Work order :: When you reach the line containing "text \<open>The power" in the data below, begin returning lines exactly as written, and stop once the line containing "element has infinite" has been returned.

Data for this task ::

_ _ _ _ _

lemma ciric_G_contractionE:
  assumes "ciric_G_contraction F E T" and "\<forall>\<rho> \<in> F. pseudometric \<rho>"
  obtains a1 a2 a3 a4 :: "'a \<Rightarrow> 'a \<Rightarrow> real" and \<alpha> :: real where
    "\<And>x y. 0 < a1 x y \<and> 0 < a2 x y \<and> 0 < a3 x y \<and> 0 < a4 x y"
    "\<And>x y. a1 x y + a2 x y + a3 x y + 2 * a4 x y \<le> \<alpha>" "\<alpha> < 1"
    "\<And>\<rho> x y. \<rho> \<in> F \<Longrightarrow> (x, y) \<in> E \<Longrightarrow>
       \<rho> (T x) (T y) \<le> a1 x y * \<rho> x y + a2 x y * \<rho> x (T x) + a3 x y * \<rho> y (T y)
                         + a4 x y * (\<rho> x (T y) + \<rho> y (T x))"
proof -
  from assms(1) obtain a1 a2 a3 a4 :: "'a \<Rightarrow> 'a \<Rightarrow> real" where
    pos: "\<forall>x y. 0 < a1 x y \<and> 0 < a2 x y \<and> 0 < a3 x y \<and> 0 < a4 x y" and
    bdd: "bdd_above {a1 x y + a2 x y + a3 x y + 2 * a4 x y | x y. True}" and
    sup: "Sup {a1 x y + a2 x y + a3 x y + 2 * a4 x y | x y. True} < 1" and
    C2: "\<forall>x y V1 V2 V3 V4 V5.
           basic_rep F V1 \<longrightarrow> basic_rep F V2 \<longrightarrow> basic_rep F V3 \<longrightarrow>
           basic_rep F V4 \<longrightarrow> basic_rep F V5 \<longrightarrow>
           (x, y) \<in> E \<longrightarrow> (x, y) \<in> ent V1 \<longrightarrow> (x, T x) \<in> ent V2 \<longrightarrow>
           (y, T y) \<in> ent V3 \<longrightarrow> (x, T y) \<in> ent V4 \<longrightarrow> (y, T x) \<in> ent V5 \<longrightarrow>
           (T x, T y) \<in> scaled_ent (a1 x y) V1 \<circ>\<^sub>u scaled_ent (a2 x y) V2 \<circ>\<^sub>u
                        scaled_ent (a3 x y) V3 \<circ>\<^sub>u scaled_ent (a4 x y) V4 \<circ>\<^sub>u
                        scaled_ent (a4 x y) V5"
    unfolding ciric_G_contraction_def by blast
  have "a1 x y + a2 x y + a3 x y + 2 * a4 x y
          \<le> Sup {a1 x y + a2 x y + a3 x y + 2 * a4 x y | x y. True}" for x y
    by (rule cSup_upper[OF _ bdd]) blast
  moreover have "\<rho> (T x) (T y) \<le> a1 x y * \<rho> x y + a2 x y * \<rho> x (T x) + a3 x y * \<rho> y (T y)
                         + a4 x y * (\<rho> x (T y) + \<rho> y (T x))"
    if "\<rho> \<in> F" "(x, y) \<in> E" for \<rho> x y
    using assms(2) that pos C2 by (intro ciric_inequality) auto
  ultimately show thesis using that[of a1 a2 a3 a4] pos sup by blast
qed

_ _ _ _ _

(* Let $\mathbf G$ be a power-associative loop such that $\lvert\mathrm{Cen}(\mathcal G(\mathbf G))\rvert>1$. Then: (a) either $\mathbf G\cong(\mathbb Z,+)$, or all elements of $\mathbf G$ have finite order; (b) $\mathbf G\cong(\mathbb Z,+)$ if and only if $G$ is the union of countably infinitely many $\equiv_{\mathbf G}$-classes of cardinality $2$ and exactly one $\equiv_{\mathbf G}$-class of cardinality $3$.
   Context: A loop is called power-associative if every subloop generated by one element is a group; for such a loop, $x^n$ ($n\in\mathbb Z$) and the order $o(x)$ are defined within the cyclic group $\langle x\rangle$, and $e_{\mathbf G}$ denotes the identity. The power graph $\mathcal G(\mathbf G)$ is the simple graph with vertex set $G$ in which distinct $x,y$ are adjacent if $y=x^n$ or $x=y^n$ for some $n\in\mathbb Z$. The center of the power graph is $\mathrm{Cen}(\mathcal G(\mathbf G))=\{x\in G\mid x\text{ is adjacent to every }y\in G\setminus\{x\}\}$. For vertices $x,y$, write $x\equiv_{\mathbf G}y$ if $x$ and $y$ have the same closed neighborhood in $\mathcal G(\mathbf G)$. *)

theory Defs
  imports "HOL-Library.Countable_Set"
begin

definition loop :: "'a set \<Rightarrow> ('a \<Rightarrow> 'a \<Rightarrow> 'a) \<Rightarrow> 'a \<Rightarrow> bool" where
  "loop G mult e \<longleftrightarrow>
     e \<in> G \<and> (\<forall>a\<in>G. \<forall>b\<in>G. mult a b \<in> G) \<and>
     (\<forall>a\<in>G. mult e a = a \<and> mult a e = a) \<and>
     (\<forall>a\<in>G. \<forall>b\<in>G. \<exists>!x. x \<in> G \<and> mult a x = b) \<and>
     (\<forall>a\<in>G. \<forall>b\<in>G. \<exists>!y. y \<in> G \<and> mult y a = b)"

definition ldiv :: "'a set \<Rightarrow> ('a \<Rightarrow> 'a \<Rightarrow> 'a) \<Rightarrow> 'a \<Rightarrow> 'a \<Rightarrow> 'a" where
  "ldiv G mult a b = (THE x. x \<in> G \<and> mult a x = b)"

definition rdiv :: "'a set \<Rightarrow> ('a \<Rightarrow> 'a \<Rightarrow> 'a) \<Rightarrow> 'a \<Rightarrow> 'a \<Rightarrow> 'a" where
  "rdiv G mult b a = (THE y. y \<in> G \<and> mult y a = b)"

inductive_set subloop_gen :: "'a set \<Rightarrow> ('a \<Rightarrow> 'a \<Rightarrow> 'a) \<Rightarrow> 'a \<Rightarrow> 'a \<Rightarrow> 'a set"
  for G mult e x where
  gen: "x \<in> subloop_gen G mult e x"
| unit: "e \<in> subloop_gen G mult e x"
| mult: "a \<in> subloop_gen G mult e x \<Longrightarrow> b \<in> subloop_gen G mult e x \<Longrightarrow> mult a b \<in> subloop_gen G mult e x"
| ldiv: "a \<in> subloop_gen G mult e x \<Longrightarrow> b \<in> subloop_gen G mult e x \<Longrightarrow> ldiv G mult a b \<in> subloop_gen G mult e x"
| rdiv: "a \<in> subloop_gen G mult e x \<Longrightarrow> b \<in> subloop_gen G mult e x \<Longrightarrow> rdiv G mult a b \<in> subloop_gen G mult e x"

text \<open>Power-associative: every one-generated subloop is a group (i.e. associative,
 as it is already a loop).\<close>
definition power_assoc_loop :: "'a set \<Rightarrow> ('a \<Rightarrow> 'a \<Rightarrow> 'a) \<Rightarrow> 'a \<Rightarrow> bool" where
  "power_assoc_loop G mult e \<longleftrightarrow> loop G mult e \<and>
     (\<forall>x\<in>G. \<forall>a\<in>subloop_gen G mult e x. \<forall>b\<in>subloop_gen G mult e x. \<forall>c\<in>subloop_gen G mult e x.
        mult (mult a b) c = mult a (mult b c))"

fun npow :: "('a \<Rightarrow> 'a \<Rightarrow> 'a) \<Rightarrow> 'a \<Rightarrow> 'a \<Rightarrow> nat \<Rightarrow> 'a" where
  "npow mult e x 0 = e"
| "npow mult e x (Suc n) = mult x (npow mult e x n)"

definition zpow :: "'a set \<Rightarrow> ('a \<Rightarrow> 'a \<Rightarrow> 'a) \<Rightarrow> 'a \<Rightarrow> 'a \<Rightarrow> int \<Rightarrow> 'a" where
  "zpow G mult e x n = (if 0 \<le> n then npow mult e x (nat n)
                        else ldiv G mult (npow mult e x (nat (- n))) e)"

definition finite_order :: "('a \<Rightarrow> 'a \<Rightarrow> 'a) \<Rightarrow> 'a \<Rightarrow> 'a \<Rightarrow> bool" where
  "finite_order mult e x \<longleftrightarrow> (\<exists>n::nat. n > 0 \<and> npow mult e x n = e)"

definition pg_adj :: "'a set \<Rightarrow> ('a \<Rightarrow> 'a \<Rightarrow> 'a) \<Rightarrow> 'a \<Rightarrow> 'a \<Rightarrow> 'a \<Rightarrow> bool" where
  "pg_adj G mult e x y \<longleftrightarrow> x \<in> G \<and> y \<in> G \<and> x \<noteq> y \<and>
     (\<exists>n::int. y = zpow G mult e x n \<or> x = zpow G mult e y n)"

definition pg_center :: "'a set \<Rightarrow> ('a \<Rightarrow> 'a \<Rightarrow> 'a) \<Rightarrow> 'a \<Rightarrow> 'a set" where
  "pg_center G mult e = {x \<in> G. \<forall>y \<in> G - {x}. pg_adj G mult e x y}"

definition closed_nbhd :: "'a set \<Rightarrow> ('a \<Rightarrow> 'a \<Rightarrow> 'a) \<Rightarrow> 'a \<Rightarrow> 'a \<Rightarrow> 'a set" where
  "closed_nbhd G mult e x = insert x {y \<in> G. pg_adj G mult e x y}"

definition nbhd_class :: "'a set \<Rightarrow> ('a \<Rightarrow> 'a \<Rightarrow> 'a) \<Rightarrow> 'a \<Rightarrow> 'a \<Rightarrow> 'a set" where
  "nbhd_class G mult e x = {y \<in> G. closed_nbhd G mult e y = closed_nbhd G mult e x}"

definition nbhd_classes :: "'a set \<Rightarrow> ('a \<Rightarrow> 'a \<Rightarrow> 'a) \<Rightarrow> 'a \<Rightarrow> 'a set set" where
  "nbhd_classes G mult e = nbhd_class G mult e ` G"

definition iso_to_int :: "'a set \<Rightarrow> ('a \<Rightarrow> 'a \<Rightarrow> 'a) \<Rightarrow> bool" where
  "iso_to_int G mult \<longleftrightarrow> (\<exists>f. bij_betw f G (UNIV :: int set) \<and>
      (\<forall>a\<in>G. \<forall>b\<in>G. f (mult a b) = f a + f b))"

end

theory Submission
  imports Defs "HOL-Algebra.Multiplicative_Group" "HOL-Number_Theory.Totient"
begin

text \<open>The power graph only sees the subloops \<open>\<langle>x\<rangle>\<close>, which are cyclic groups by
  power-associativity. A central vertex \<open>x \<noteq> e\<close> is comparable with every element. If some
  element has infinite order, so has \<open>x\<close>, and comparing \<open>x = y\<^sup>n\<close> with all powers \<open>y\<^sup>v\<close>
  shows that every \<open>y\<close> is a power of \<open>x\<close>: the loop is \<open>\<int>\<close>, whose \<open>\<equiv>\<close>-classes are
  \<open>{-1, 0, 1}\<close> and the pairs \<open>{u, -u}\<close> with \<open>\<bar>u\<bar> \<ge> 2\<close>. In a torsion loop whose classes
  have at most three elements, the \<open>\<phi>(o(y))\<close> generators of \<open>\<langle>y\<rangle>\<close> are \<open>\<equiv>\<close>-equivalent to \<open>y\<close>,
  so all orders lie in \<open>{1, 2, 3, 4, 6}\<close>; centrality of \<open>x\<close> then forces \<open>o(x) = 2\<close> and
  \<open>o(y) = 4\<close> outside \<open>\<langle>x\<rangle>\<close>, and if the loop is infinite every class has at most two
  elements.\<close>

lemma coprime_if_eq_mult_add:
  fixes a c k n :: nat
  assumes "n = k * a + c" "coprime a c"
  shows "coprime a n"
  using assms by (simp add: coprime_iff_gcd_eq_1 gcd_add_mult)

_ _ _ _ _

Written solution ::
text \<open>The power graph only sees the subloops \<open>\<langle>x\<rangle>\<close>, which are cyclic groups by
  power-associativity. A central vertex \<open>x \<noteq> e\<close> is comparable with every element. If some
  element has infinite order, so has \<open>x\<close>, and comparing \<open>x = y\<^sup>n\<close> with all powers \<open>y\<^sup>v\<close>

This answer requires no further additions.